(Collected data entries)
lemma frame_transform_std:
  assumes "x \<in> SF2 M"
  shows "frame_transform (vector [1, 0, 0]) (vector [0, 1, 0]) (vector [0, 0, 1]) x = x"
proof -
  have "(fst x, snd x) \<in> SF2 M" using assms by simp
  note c = SF2_coords(3,4)[OF this]
  show ?thesis
    using c[symmetric] by (simp add: frame_transform_def frame_apply_std dual_frame_apply_std prod_eq_iff fun_eq_iff)
qed

text \<open>A transfer map R of the a-vectors also transfers the pairings with the b-vectors, because
  the a-vectors span R^3.\<close>
lemma transfer_pairing:
  fixes M :: "real^'q^'p"
  assumes x: "x \<in> SF2 M" and y: "y \<in> SF2 M" and r: "rank M = 3"
    and R: "\<forall>i. R *v coords (fst x i) = coords (fst y i)"
  shows "(R *v z) \<bullet> coords (snd y j) = z \<bullet> coords (snd x j)"
proof -
  have x': "(fst x, snd x) \<in> SF2 M" and y': "(fst y, snd y) \<in> SF2 M" using x y by simp_all
  obtain l where z: "z = (\<Sum>i\<in>UNIV. l i *\<^sub>R coords (fst x i))" using SF2_a_vectors_span[OF x' r] by blast
  have "R *v z = (\<Sum>i\<in>UNIV. l i *\<^sub>R coords (fst y i))"
    unfolding z using R by (simp add: matrix_vector_sum matrix_vector_mult_scaleR)
  then have "(R *v z) \<bullet> coords (snd y j) = (\<Sum>i\<in>UNIV. l i * (coords (fst y i) \<bullet> coords (snd y j)))"
    by (simp add: inner_sum_left)
  also have "\<dots> = (\<Sum>i\<in>UNIV. l i * (coords (fst x i) \<bullet> coords (snd x j)))"
    using SF2_coords(5)[OF x'] SF2_coords(5)[OF y'] by simp
  also have "\<dots> = z \<bullet> coords (snd x j)" unfolding z by (simp add: inner_sum_left)
  finally show ?thesis .
qed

**Your objective:** Filter the preceding entries down to the lines with "UNIV".

**Finished exercise:**
  obtain l where z: "z = (\<Sum>i\<in>UNIV. l i *\<^sub>R coords (fst x i))" using SF2_a_vectors_span[OF x' r] by blast
  have "R *v z = (\<Sum>i\<in>UNIV. l i *\<^sub>R coords (fst y i))"
  then have "(R *v z) \<bullet> coords (snd y j) = (\<Sum>i\<in>UNIV. l i * (coords (fst y i) \<bullet> coords (snd y j)))"
  also have "\<dots> = (\<Sum>i\<in>UNIV. l i * (coords (fst x i) \<bullet> coords (snd x j)))"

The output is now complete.